This could be a one-liner:
self.remove_node(key).map(|node| node.node.value)

> + }
> +}
> +
> +impl<K, V> Default for RBTree<K, V> {
> + fn default() -> Self {
> + Self::new()
> + }
> +}
> +
> +impl<K, V> Drop for RBTree<K, V> {
> + fn drop(&mut self) {
> + // SAFETY: `root` is valid as it's embedded in `self` and we have a valid `self`.
> + let mut next = unsafe { bindings::rb_first_postorder(&self.root) };
> +
> + // INVARIANT: The loop invariant is that all tree nodes from `next` in postorder are valid.
> + while !next.is_null() {
> + // SAFETY: All links fields we create are in a `Node<K, V>`.
> + let this = unsafe { crate::container_of!(next, Node<K, V>, links) };
> +
> + // Find out what the next node is before disposing of the current one.
> + // SAFETY: `next` and all nodes in postorder are still valid.
> + next = unsafe { bindings::rb_next_postorder(next) };
> +
> + // INVARIANT: This is the destructor, so we break the type invariant during clean-up,
> + // but it is not observable. The loop invariant is still maintained.
> + // SAFETY: `this` is valid per the loop invariant.
> + unsafe { drop(Box::from_raw(this as *mut Node<K, V>)) };

Use `.cast_mut()` instead of `as ...`.

> + }
> + }
> +}
> +
> +/// A memory reservation for a red-black tree node.
> +///
> +/// It contains the memory needed to hold a node that can be inserted into a red-black tree.
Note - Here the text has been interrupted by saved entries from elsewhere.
text \<open>In the library's carrier and associativity rules the inner dimension occurs only in the
  premises, so the simplifier cannot use them; their square instances
  \<open>square_mat_simps[where n = n]\<close> can.\<close>
lemmas square_mat_simps =
  mult_carrier_mat[of _ n n _ n] assoc_mult_mat[of _ n n _ n _ n] left_mult_one_mat[of _ n n]
  right_mult_one_mat[of _ n n] mult_mat_vec_carrier[of _ n n] assoc_mult_mat_vec[of _ n n _ n]
  for n :: nat

definition cinner :: "complex vec \<Rightarrow> complex vec \<Rightarrow> complex" where
  "cinner x y = (\<Sum>i<dim_vec x. cnj (x $ i) * y $ i)"

lemma cnj_mult_self: "cnj z * z = complex_of_real ((cmod z)\<^sup>2)"
  by (metis complex_norm_square mult.commute)

lemma cinner_self: "cinner x x = complex_of_real (\<Sum>i<dim_vec x. (cmod (x $ i))\<^sup>2)"
  unfolding cinner_def cnj_mult_self of_real_sum ..

lemma cinner_self_eq_0_iff:
  assumes "x \<in> carrier_vec n" shows "cinner x x = 0 \<longleftrightarrow> x = 0\<^sub>v n"
proof -
  have "cinner x x = 0 \<longleftrightarrow> (\<forall>i<n. (cmod (x $ i))\<^sup>2 = 0)"
    using assms unfolding cinner_self of_real_eq_0_iff by (subst sum_nonneg_eq_0_iff) auto
  also have "\<dots> \<longleftrightarrow> x = 0\<^sub>v n"
    using assms by (auto simp: vec_eq_iff)
  finally show ?thesis .
qed

lemma cinner_commute: "dim_vec y = dim_vec x \<Longrightarrow> cinner y x = cnj (cinner x y)"
  by (simp add: cinner_def mult.commute)

lemma cinner_adj:
  assumes A: "A \<in> carrier_mat n m" and x: "x \<in> carrier_vec m" and y: "y \<in> carrier_vec n"
  shows "cinner y (A *\<^sub>v x) = cinner (adj A *\<^sub>v y) x"
proof -
  have "cinner y (A *\<^sub>v x) = (\<Sum>i<n. \<Sum>j<m. cnj (y $ i) * A $$ (i,j) * x $ j)"
    using A x y by (simp add: cinner_def scalar_prod_def lessThan_atLeast0 sum_distrib_left mult.assoc)
  also have "\<dots> = (\<Sum>j<m. (\<Sum>i<n. cnj (y $ i) * A $$ (i,j)) * x $ j)"
    by (subst sum.swap) (simp add: sum_distrib_right)
  also have "\<dots> = cinner (adj A *\<^sub>v y) x"
    using A x y by (simp add: cinner_def scalar_prod_def lessThan_atLeast0 mult.commute)
  finally show ?thesis .
qed

lemma cinner_smult_right: "dim_vec y = dim_vec x \<Longrightarrow> cinner x (c \<cdot>\<^sub>v y) = c * cinner x y"
  by (simp add: cinner_def sum_distrib_left mult.commute mult.left_commute)

lemma cinner_smult_left: "cinner (c \<cdot>\<^sub>v x) y = cnj c * cinner x y"
  by (simp add: cinner_def sum_distrib_left mult.commute mult.left_commute)

lemma cinner_add_right:
  "dim_vec y = dim_vec x \<Longrightarrow> dim_vec z = dim_vec x \<Longrightarrow> cinner x (y + z) = cinner x y + cinner x z"
  by (simp add: cinner_def sum.distrib algebra_simps)

lemma cinner_diff_right:
  "dim_vec y = dim_vec x \<Longrightarrow> dim_vec z = dim_vec x \<Longrightarrow> cinner x (y - z) = cinner x y - cinner x z"
  by (simp add: cinner_def sum_subtractf algebra_simps)

lemma cinner_zero_right [simp]: "cinner x (0\<^sub>v (dim_vec x)) = 0"
  by (auto simp: cinner_def intro!: sum.neutral)

lemma cinner_unit_vec: "j < n \<Longrightarrow> cinner (unit_vec n j) x = x $ j"
proof -
  assume j: "j < n"
  have "cinner (unit_vec n j) x = (\<Sum>i<n. if j = i then x $ i else 0)"
    unfolding cinner_def by (rule sum.cong) (auto simp: unit_vec_def)
  then show ?thesis using j by simp
qed

lemma cinner_mult_vec_double_sum:
  "A \<in> carrier_mat n n \<Longrightarrow> v \<in> carrier_vec n \<Longrightarrow>
    cinner v (A *\<^sub>v v) = (\<Sum>i<n. \<Sum>j<n. cnj (v $ i) * A $$ (i,j) * v $ j)"
  by (simp add: cinner_def scalar_prod_def lessThan_atLeast0 sum_distrib_left mult.assoc)

lemma index_adj_mult:
  "X \<in> carrier_mat n m \<Longrightarrow> Y \<in> carrier_mat n p \<Longrightarrow> i < m \<Longrightarrow> j < p \<Longrightarrow>
    (adj X * Y) $$ (i,j) = cinner (col X i) (col Y j)"
  by (simp add: cinner_def scalar_prod_def lessThan_atLeast0)

lemma index_adj_mult_vec:
  "X \<in> carrier_mat n m \<Longrightarrow> v \<in> carrier_vec n \<Longrightarrow> i < m \<Longrightarrow> (adj X *\<^sub>v v) $ i = cinner (col X i) v"
  by (simp add: cinner_def scalar_prod_def lessThan_atLeast0)

lemma mtrace_mult_comm:
  assumes A: "A \<in> carrier_mat n k" and B: "B \<in> carrier_mat k n"
  shows "mtrace (A * B) = mtrace (B * A)"
proof -
  have "mtrace (A * B) = (\<Sum>i<n. \<Sum>l<k. A $$ (i,l) * B $$ (l,i))"
    using A B by (simp add: mtrace_def scalar_prod_def lessThan_atLeast0)
  also have "\<dots> = (\<Sum>l<k. \<Sum>i<n. B $$ (l,i) * A $$ (i,l))"
    by (subst sum.swap) (simp add: mult.commute)
  also have "\<dots> = mtrace (B * A)"
    using A B by (simp add: mtrace_def scalar_prod_def lessThan_atLeast0)
  finally show ?thesis .
qed

lemma mtrace_one [simp]: "mtrace (1\<^sub>m n) = of_nat n"
  by (simp add: mtrace_def)

lemma mtrace_add: "A \<in> carrier_mat n n \<Longrightarrow> B \<in> carrier_mat n n \<Longrightarrow> mtrace (A + B) = mtrace A + mtrace B"
  by (simp add: mtrace_def sum.distrib)

lemma mtrace_minus: "A \<in> carrier_mat n n \<Longrightarrow> B \<in> carrier_mat n n \<Longrightarrow> mtrace (A - B) = mtrace A - mtrace B"
  by (simp add: mtrace_def sum_subtractf)

lemma mtrace_smult: "A \<in> carrier_mat n n \<Longrightarrow> mtrace (c \<cdot>\<^sub>m A) = c * mtrace A"
  by (auto simp: mtrace_def sum_distrib_left intro!: sum.cong)

lemma mtrace_similar:
  assumes W: "W \<in> carrier_mat n n" and V: "V \<in> carrier_mat n n" and VW: "V * W = 1\<^sub>m n"
    and A: "A \<in> carrier_mat n n"
  shows "mtrace (W * A * V) = mtrace A"
proof -
  have "mtrace (W * A * V) = mtrace (V * (W * A))"
    by (rule mtrace_mult_comm[OF mult_carrier_mat[OF W A] V])
  also have "V * (W * A) = A" using VW A by (simp add: assoc_mult_mat[OF V W A, symmetric])
  finally show ?thesis .
qed

lemma psd_iff_cinner:
  "psd n A \<longleftrightarrow> A \<in> carrier_mat n n \<and>
     (\<forall>v \<in> carrier_vec n. Im (cinner v (A *\<^sub>v v)) = 0 \<and> Re (cinner v (A *\<^sub>v v)) \<ge> 0)"
  unfolding psd_def cinner_def Let_def by auto

lemma psd_add: assumes A: "psd n A" and B: "psd n B" shows "psd n (A + B)"
proof -
  have C: "A \<in> carrier_mat n n" "B \<in> carrier_mat n n" using A B by (simp_all add: psd_def)
  have "cinner v ((A + B) *\<^sub>v v) = cinner v (A *\<^sub>v v) + cinner v (B *\<^sub>v v)" if "v \<in> carrier_vec n" for v
    using C that by (simp add: add_mult_distrib_mat_vec[of _ n n] cinner_add_right)
  then show ?thesis using A B by (auto simp: psd_iff_cinner)
qed

lemma psd_smult_real: assumes c: "c \<ge> 0" and A: "psd n A" shows "psd n (complex_of_real c \<cdot>\<^sub>m A)"
proof -
  have C: "A \<in> carrier_mat n n" using A by (simp add: psd_def)
  have "cinner v ((complex_of_real c \<cdot>\<^sub>m A) *\<^sub>v v) = complex_of_real c * cinner v (A *\<^sub>v v)"
    if "v \<in> carrier_vec n" for v
    using C that by (simp add: smult_mat_mult_vec[OF C that] cinner_smult_right carrier_vecD carrier_matD)
  then show ?thesis using A c by (auto simp: psd_iff_cinner)
qed

definition hermitian :: "nat \<Rightarrow> complex mat \<Rightarrow> bool" where
  "hermitian n A \<longleftrightarrow> A \<in> carrier_mat n n \<and> adj A = A"

lemma hermitian_cinner_real:
  assumes "hermitian n A" and x: "x \<in> carrier_vec n"
  shows "cnj (cinner x (A *\<^sub>v x)) = cinner x (A *\<^sub>v x)"
proof -
  have A: "A \<in> carrier_mat n n" "adj A = A" using assms by (auto simp: hermitian_def)
  have "cinner x (A *\<^sub>v x) = cinner (A *\<^sub>v x) x" using cinner_adj[OF A(1) x x] A(2) by simp
  also have "\<dots> = cnj (cinner x (A *\<^sub>v x))" using A(1) x by (intro cinner_commute) simp
  finally show ?thesis by simp
qed

lemma hermitian_eigenvalue_real:
  assumes H: "hermitian n A" and ev: "eigenvector A x \<mu>"
  shows "\<mu> = complex_of_real (Re \<mu>)"
proof -
  have A: "A \<in> carrier_mat n n" using H by (simp add: hermitian_def)
  have x: "x \<in> carrier_vec n" "x \<noteq> 0\<^sub>v n" and Ax: "A *\<^sub>v x = \<mu> \<cdot>\<^sub>v x"
    using ev A by (auto simp: eigenvector_def)
  have xx: "cinner x x \<noteq> 0" "cnj (cinner x x) = cinner x x"
    using x cinner_self_eq_0_iff[OF x(1)] by (auto simp: cinner_self)
  have "cinner x (A *\<^sub>v x) = \<mu> * cinner x x" using x by (simp add: Ax cinner_smult_right)
  with hermitian_cinner_real[OF H x(1)] xx have "cnj \<mu> = \<mu>" by simp
  then have "Im (cnj \<mu>) = Im \<mu>" by simp
  then have "Im \<mu> = 0" by simp
  then show ?thesis by (simp add: complex_eq_iff)
qed

lemma cinner_two_point:
  fixes c :: complex
  assumes B: "B \<in> carrier_mat n n" and a: "a < n" and b: "b < n" and ab: "a \<noteq> b"
  defines "v \<equiv> vec n (\<lambda>i. if i = a then 1 else if i = b then c else 0)"
  shows "cinner v (B *\<^sub>v v) = B $$ (a,a) + c * B $$ (a,b) + cnj c * B $$ (b,a) + cnj c * c * B $$ (b,b)"
proof -
  have sub: "{a,b} \<subseteq> {..<n}" using a b by auto
  have v0: "\<And>i. i < n \<Longrightarrow> i \<notin> {a,b} \<Longrightarrow> v $ i = 0" by (auto simp: v_def)
  have va: "v $ a = 1" "v $ b = c" using a b ab by (auto simp: v_def)
  have "cinner v (B *\<^sub>v v) = (\<Sum>i<n. \<Sum>j<n. cnj (v $ i) * B $$ (i,j) * v $ j)"
    using B by (intro cinner_mult_vec_double_sum) (auto simp: v_def)
  also have "\<dots> = (\<Sum>i<n. \<Sum>j\<in>{a,b}. cnj (v $ i) * B $$ (i,j) * v $ j)"
    by (intro sum.cong refl sum.mono_neutral_right[OF _ sub]) (use v0 in auto)
  also have "\<dots> = (\<Sum>i\<in>{a,b}. \<Sum>j\<in>{a,b}. cnj (v $ i) * B $$ (i,j) * v $ j)"
    by (rule sum.mono_neutral_right[OF _ sub]) (use v0 in auto)
  also have "\<dots> = B $$ (a,a) + c * B $$ (a,b) + cnj c * B $$ (b,a) + cnj c * c * B $$ (b,b)"
    using ab va by (simp add: algebra_simps)
  finally show ?thesis .
qed

lemma psd_hermitian:
  assumes P: "psd n B" shows "hermitian n B"
proof -
  have B: "B \<in> carrier_mat n n" using P by (simp add: psd_def)
  have real: "Im (cinner v (B *\<^sub>v v)) = 0" if "v \<in> carrier_vec n" for v
    using P that by (simp add: psd_iff_cinner)
  have diag: "Im (B $$ (a,a)) = 0" if a: "a < n" for a
    using real[of "unit_vec n a"] cinner_unit_vec[of a n "B *\<^sub>v unit_vec n a"] a B by simp
  have off: "B $$ (b,a) = cnj (B $$ (a,b))" if a: "a < n" and b: "b < n" and ab: "a \<noteq> b" for a b
  proof -
    have "Im (B $$ (a,b)) + Im (B $$ (b,a)) = 0"
      using real[of "vec n (\<lambda>i. if i = a then 1 else if i = b then 1 else 0)"]
        cinner_two_point[OF B a b ab, of 1] diag[OF a] diag[OF b] by simp
    moreover have "Re (B $$ (a,b)) - Re (B $$ (b,a)) = 0"
      using real[of "vec n (\<lambda>i. if i = a then 1 else if i = b then \<i> else 0)"]
        cinner_two_point[OF B a b ab, of \<i>] diag[OF a] diag[OF b] by simp
    ultimately show ?thesis by (intro complex_eqI) auto
  qed
  have "adj B = B"
  proof (rule eq_matI)
    fix i j assume ij: "i < dim_row B" "j < dim_col B"
    show "adj B $$ (i,j) = B $$ (i,j)"
      using ij B diag[of i] off[of j i] by (cases "i = j") (auto simp: complex_eq_iff)
  qed (use B in auto)
  then show ?thesis using B by (simp add: hermitian_def)
qed

section \<open>Spectral theorem for Hermitian matrices\<close>

lemma adj_mult_self_eq_0_if_mtrace_0:
  assumes X: "X \<in> carrier_mat n m" and tr: "mtrace (adj X * X) = 0"
  shows "X = 0\<^sub>m n m"
proof -
  have "mtrace (adj X * X) = (\<Sum>j<m. cinner (col X j) (col X j))"
    using X by (auto simp: mtrace_def cinner_def scalar_prod_def lessThan_atLeast0 intro!: sum.cong)
  also have "\<dots> = complex_of_real (\<Sum>j<m. \<Sum>i<n. (cmod (X $$ (i,j)))\<^sup>2)"
    using X unfolding of_real_sum by (intro sum.cong refl) (simp add: cinner_self)
  finally have "mtrace (adj X * X) = complex_of_real (\<Sum>j<m. \<Sum>i<n. (cmod (X $$ (i,j)))\<^sup>2)" .
  with tr have "(\<Sum>j<m. \<Sum>i<n. (cmod (X $$ (i,j)))\<^sup>2) = 0" by (metis of_real_eq_0_iff)
  then have "\<forall>j<m. \<forall>i<n. (cmod (X $$ (i,j)))\<^sup>2 = 0"
    by (simp add: sum_nonneg sum_nonneg_eq_0_iff)
  then show ?thesis using X by (intro eq_matI) auto
qed

lemma mtrace_square_strictly_upper_triangular_eq_0:
  assumes B: "B \<in> carrier_mat n n" and ut: "upper_triangular B" and d: "\<And>i. i < n \<Longrightarrow> B $$ (i,i) = 0"
  shows "mtrace (B * B) = 0"
proof -
  have zero: "B $$ (i,k) * B $$ (k,i) = 0" if "i < n" "k < n" for i k
    using that ut B d[of i] by (cases k i rule: linorder_cases) (auto simp: upper_triangular_def)
  have "mtrace (B * B) = (\<Sum>i<n. \<Sum>k<n. B $$ (i,k) * B $$ (k,i))"
    using B by (simp add: mtrace_def scalar_prod_def lessThan_atLeast0)
  also have "\<dots> = 0" by (auto intro!: sum.neutral simp: zero)
  finally show ?thesis .
qed

text \<open>Via a Schur triangularisation \<open>H = P B Q\<close>, the trace of \<open>adj H * H = H * H\<close> is that of
  \<open>B * B\<close>, which vanishes when all eigenvalues, i.e. all diagonal entries of \<open>B\<close>, are zero.\<close>

lemma hermitian_eq_0_if_eigenvalues_0:
  assumes H: "hermitian n H" and E: "\<And>\<mu>. eigenvalue H \<mu> \<Longrightarrow> \<mu> = 0"
  shows "H = 0\<^sub>m n n"
proof -
  have C: "H \<in> carrier_mat n n" and adjH: "adj H = H" using H by (auto simp: hermitian_def)
  obtain es where es: "char_poly H = (\<Prod>a\<leftarrow>es. [:- a, 1:])" "length es = n"
    using char_poly_factorized[OF C] by blast
  have es0: "e = 0" if "e \<in> set es" for e
  proof -
    have "poly (char_poly H) e = 0" unfolding es(1) poly_prod_list
      using that by (induction es) auto
    then show ?thesis using E eigenvalue_root_char_poly[OF C] by blast
  qed
  obtain B P Q where S: "schur_decomposition H es = (B,P,Q)" by (cases "schur_decomposition H es") auto
  from schur_decomposition[OF C es(1) S] have
    sim: "similar_mat_wit H B P Q" and ut: "upper_triangular B" and diag: "diag_mat B = es" by auto
  from sim C have BPQ: "B \<in> carrier_mat n n" "P \<in> carrier_mat n n" "Q \<in> carrier_mat n n" "Q * P = 1\<^sub>m n"
    unfolding similar_mat_wit_def Let_def by auto
  have "B $$ (i,i) = 0" if "i < n" for i
  proof -
    have "es ! i = B $$ (i,i)" unfolding diag[symmetric] diag_mat_def using that BPQ by simp
    then show ?thesis using es0 nth_mem that es(2) by metis
  qed
  then have trB: "mtrace (B * B) = 0" by (rule mtrace_square_strictly_upper_triangular_eq_0[OF BPQ(1) ut])
  have "H * H = P * (B * B) * Q"
    using similar_mat_wit_pow_id[OF sim, of 2] C BPQ by (simp add: numeral_2_eq_2)
  then have "mtrace (adj H * H) = mtrace (Q * (P * (B * B)))"
    using BPQ adjH mtrace_mult_comm[of "P * (B * B)" n n Q] by simp
  also have "\<dots> = mtrace (B * B)"
    using BPQ by (simp add: assoc_mult_mat[of Q n n P n "B * B" n, symmetric])
  finally have "mtrace (adj H * H) = 0" using trB by simp
  then show ?thesis using adj_mult_self_eq_0_if_mtrace_0[OF C] by simp
qed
One
> +/// can be obtained by directly allocating it ([`RBTree::try_reserve_node`]).
> +pub struct RBTreeNodeReservation<K, V> {
> + node: Box<MaybeUninit<Node<K, V>>>,
> +}
> +
> +// SAFETY: An [`RBTree`] allows the same kinds of access to its values that a struct allows to its
> +// fields, so we use the same Send condition as would be used for a struct with K and V fields.
> +unsafe impl<K: Send, V: Send> Send for RBTreeNodeReservation<K, V> {}
> +
> +// SAFETY: An [`RBTree`] allows the same kinds of access to its values that a struct allows to its
> +// fields, so we use the same Sync condition as would be used for a struct with K and V fields.
> +unsafe impl<K: Sync, V: Sync> Sync for RBTreeNodeReservation<K, V> {}

The two safety comments are copy-pasted. `RBTreeNodeReservation` does not
allow any kind of access to its values.

> +
> +impl<K, V> RBTreeNodeReservation<K, V> {
> + /// Initialises a node reservation.
> + ///
> + /// It then becomes an [`RBTreeNode`] that can be inserted into a tree.
> + pub fn into_node(mut self, key: K, value: V) -> RBTreeNode<K, V> {
> + let node_ptr = self.node.as_mut_ptr();
> + // SAFETY: `node_ptr` is valid, and so are its fields.
> + unsafe { addr_of_mut!((*node_ptr).links).write(bindings::rb_node::default()) };
> + // SAFETY: `node_ptr` is valid, and so are its fields.
> + unsafe { addr_of_mut!((*node_ptr).key).write(key) };
> + // SAFETY: `node_ptr` is valid, and so are its fields.
> + unsafe { addr_of_mut!((*node_ptr).value).write(value) };
> + let raw = Box::into_raw(self.node);
> + RBTreeNode {
> + // SAFETY: The pointer came from a `MaybeUninit<Node>` whose fields have all been
> + // initialised. Additionally, it has the same layout as `Node`.
> + node: unsafe { Box::from_raw(raw as _) },
> + }

Instead of doing `into_raw` and `from_raw`, I would use
`Box::assume_init` (it is unstable via `new_uninit`).

> + }
> +}
> +
> +/// A red-black tree node.
> +///
> +/// The node is fully initialised (with key and value) and can be inserted into a tree without any
> +/// extra allocations or failure paths.
> +pub struct RBTreeNode<K, V> {
> + node: Box<Node<K, V>>,
> +}
> +
> +// SAFETY: An [`RBTree`] allows the same kinds of access to its values that a struct allows to its
> +// fields, so we use the same Send condition as would be used for a struct with K and V fields.
> +unsafe impl<K: Send, V: Send> Send for RBTreeNode<K, V> {}
> +
> +// SAFETY: An [`RBTree`] allows the same kinds of access to its values that a struct allows to its
> +// fields, so we use the same Sync condition as would be used for a struct with K and V fields.
> +unsafe impl<K: Sync, V: Sync> Sync for RBTreeNode<K, V> {}

The two safety comments are copy-pasted. `RBTreeNode` does not
allow any kind of access to its values.

--
Cheers,
Benno

>
> --
> 2.44.0.rc0.258.g7320e95886-goog
>